Facing a new crisis in the early 1980s and in response to rising popular opposition, the United National Party government, following a series of provocations unleashed its bloody 30-year war against the LTTE. Former President Mahinda Rajapakse and his brother Gotabhaya in 2006 oversaw the final years of the war which ended in May 2009 with the killing tens of thousands of Tamil civilians.

Current President Rajapake’s so-called One Country, One Law was a central plank in his election campaign. He and his SLPP seized on extremist Islamic terror attacks on Catholic churches and big hotels that killed about 270 people on Easter Sunday in 2019 to whip up communalism. In the wake of the bombings, racist groups, encouraged by Sri Lankan capitalist parties, including the SLPP, launched violent attacks on Muslim communities.

Just weeks later, Rajapakse announced his presidential candidacy, declaring that his priority was defending “national security.” BBS and outfits such as Sihala Rawaya (Echo of Sinhalese), Sihala Le (Blood of Lion) and other chauvinist groups rallied in support.

Following his election, Rajapakse continued the anti-Muslim campaign, arresting and jailing hundreds of Muslims, including political party leaders and human rights activists, on the basis of unsubstantiated accusations. Dozens of Tamil journalists and Facebook users have also been arrested on “suspicion” of connection to “LTTE terrorism.”

While Rajapakse has constantly referred to One Country, One Law, his October 26 announcement was the first time that he moved to implement it.

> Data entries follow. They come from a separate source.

lemma flow_chart_at:
  assumes x: "x \<in> N"
  shows "\<exists>U I (T :: 'a topology) \<phi> \<tau>\<^sub>0. x \<in> U \<and> flow_chart X H U I T \<phi> \<and> \<phi> x = (0, \<tau>\<^sub>0)"
proof -
  have xt: "x \<in> topspace X"
    using x open_N openin_subset by blast
  have "g (H (- \<delta> / 2) x) < g (H 0 x)" "g (H 0 x) < g (H (\<delta> / 2) x)"
    using strict_mono_onD[OF increasing[OF x]] \<delta>_pos by auto
  then have xC: "x \<in> crossing (g x)"
    using x by (simp add: crossing_def flow_zero[OF xt])
  have hx: "hitting_time (g x) x = 0"
    using hitting_time_eqI[OF xC, of 0] \<delta>_pos by (simp add: flow_zero[OF xt])
  let ?R = "{p \<in> topspace (prod_topology euclideanreal X). (\<lambda>(t, z). H t z) p \<in> crossing (g x)}"
  have "openin (prod_topology euclideanreal X) ?R"
    by (rule openin_continuous_map_preimage[OF continuous_flow openin_crossing])
  moreover have "(0, x) \<in> ?R"
    using xC xt by (simp add: flow_zero)
  ultimately obtain \<epsilon>0 N' where \<epsilon>0: "\<epsilon>0 > 0" "openin X N'" "x \<in> N'"
    and R: "\<And>s y. \<bar>s\<bar> < \<epsilon>0 \<Longrightarrow> y \<in> N' \<Longrightarrow> (s, y) \<in> ?R"
    by (rule openin_prod_real_box_zero) blast
  define \<epsilon> where "\<epsilon> = min \<epsilon>0 (\<delta> / 2)"
  have \<epsilon>: "0 < \<epsilon>" "\<epsilon> \<le> \<delta> / 2"
    using \<epsilon>0 \<delta>_pos by (auto simp: \<epsilon>_def)
  have "\<And>s y. \<bar>s\<bar> < \<epsilon> \<Longrightarrow> y \<in> N' \<Longrightarrow> H s y \<in> crossing (g x)"
    using R by (auto simp: \<epsilon>_def)
  from flow_chart_flow_box_domain[OF \<epsilon>0(2) \<epsilon> this]
  have "flow_chart X H (flow_box_domain (g x) \<epsilon> N') {-\<epsilon><..<\<epsilon>}
      (subtopology X {y \<in> flow_box_domain (g x) \<epsilon> N'. hitting_time (g x) y = 0})
      (\<lambda>z. (- hitting_time (g x) z, H (hitting_time (g x) z) z))" .
  moreover have "x \<in> flow_box_domain (g x) \<epsilon> N'"
    using xC hx \<epsilon> \<epsilon>0(3) by (simp add: flow_box_domain_def flow_zero[OF xt])
  moreover have "(\<lambda>z. (- hitting_time (g x) z, H (hitting_time (g x) z) z)) x = (0, x)"
    using hx by (simp add: flow_zero[OF xt])
  ultimately show ?thesis
    by blast
qed

end

lemma flow_chartD:
  assumes "flow_chart X H U I T \<phi>"
  shows "openin X U" "open I"
    and "homeomorphic_map (subtopology X U) (prod_topology (subtopology euclideanreal I) T) \<phi>"
    and "z \<in> U \<Longrightarrow> \<exists>W. openin (prod_topology euclideanreal (subtopology X U)) W \<and> (0, z) \<in> W \<and>
        (\<forall>t w. (t, w) \<in> W \<longrightarrow> H t w \<in> U \<and> \<phi> (H t w) = (t + fst (\<phi> w), snd (\<phi> w)))"
  using assms by (simp_all add: flow_chart_def)

lemma flow_chart_translation:
  assumes "flow_chart X H U I T \<phi>" "w \<in> U"
  obtains \<rho> where "\<rho> > 0"
    "\<And>t. \<bar>t\<bar> < \<rho> \<Longrightarrow> H t w \<in> U \<and> \<phi> (H t w) = (t + fst (\<phi> w), snd (\<phi> w))"
proof -
  obtain W where W: "openin (prod_topology euclideanreal (subtopology X U)) W" "(0, w) \<in> W"
    and translation: "\<And>t w. (t, w) \<in> W \<Longrightarrow> H t w \<in> U \<and> \<phi> (H t w) = (t + fst (\<phi> w), snd (\<phi> w))"
    using flow_chartD(4)[OF assms] by (elim exE conjE) blast
  obtain \<rho> V where "\<rho> > 0" "openin (subtopology X U) V" "w \<in> V"
    and "\<And>t v. \<bar>t\<bar> < \<rho> \<Longrightarrow> v \<in> V \<Longrightarrow> (t, v) \<in> W"
    by (rule openin_prod_real_box_zero[OF W(1,2)]) blast
  then show ?thesis
    using translation by (intro that[of \<rho>]) auto
qed

lemma flow_chart_inverse:
  assumes "flow_chart X H U I T \<phi>"
    and "homeomorphic_maps (subtopology X U) (prod_topology (subtopology euclideanreal I) T) \<phi> \<psi>"
  shows "\<And>z. z \<in> U \<Longrightarrow> \<phi> z \<in> I \<times> topspace T \<and> \<psi> (\<phi> z) = z"
    and "\<And>q. q \<in> I \<times> topspace T \<Longrightarrow> \<psi> q \<in> U \<and> \<phi> (\<psi> q) = q"
    and "continuous_map (prod_topology (subtopology euclideanreal I) T) X \<psi>"
proof -
  have "topspace (subtopology X U) = U"
    using flow_chartD(1)[OF assms(1)] openin_subset by auto
  with assms(2) show "\<And>z. z \<in> U \<Longrightarrow> \<phi> z \<in> I \<times> topspace T \<and> \<psi> (\<phi> z) = z"
    and "\<And>q. q \<in> I \<times> topspace T \<Longrightarrow> \<psi> q \<in> U \<and> \<phi> (\<psi> q) = q"
    and "continuous_map (prod_topology (subtopology euclideanreal I) T) X \<psi>"
    unfolding homeomorphic_maps_def continuous_map_in_subtopology by (auto simp: continuous_map_def)
qed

On November 1, Gnanasara addressed a group of selected journalists in the presidential media centre explaining what he intended to do.

“Today we have got a result for all of our hard work. The president’s attention has been drawn to speak emphatically about these issues. We have a number of suggestions [and] if we can put all these together and stand up, that will be the day when we will rise as a nation,” he jubilantly declared.

Gnanasara’s so-called hard work is the communalist provocations orchestrated by his organisation and its political allies over the past decade. While the list of these attacks is too long to list here the operations of his fascistic group have been consistently exposed by the Socialist Equality Party (SEP).

Remains of Muslim shops burnt by racist mobs in 2014

When the former President Mahinda Rajapakse regime faced a deep crisis in 2014, BBS leader Gnanasara instigated a major anti-Muslim attack in the southern Aluthgama and Beruwala area. As an SEP statement declared at that time:

The emergence of Sinhala Buddhist extremists, working alongside the Rajapakse government, poses great dangers for the working class. The SEP calls on all workers to oppose the attacks on Muslims and to defend the democratic rights of all working people. The only means of combating these communal organisations is through the independent mobilisation of workers and youth on the basis of their common class interests and a unified political struggle against the Rajapakse government’s austerity agenda.

Seven years later the Rajapakse regime, like its international counterparts, is responding to a far deeper economic and political crisis and the resurgence of working-class struggles by using extreme-right and fascistic elements to prepare for the conditions for dictatorial forms of rule.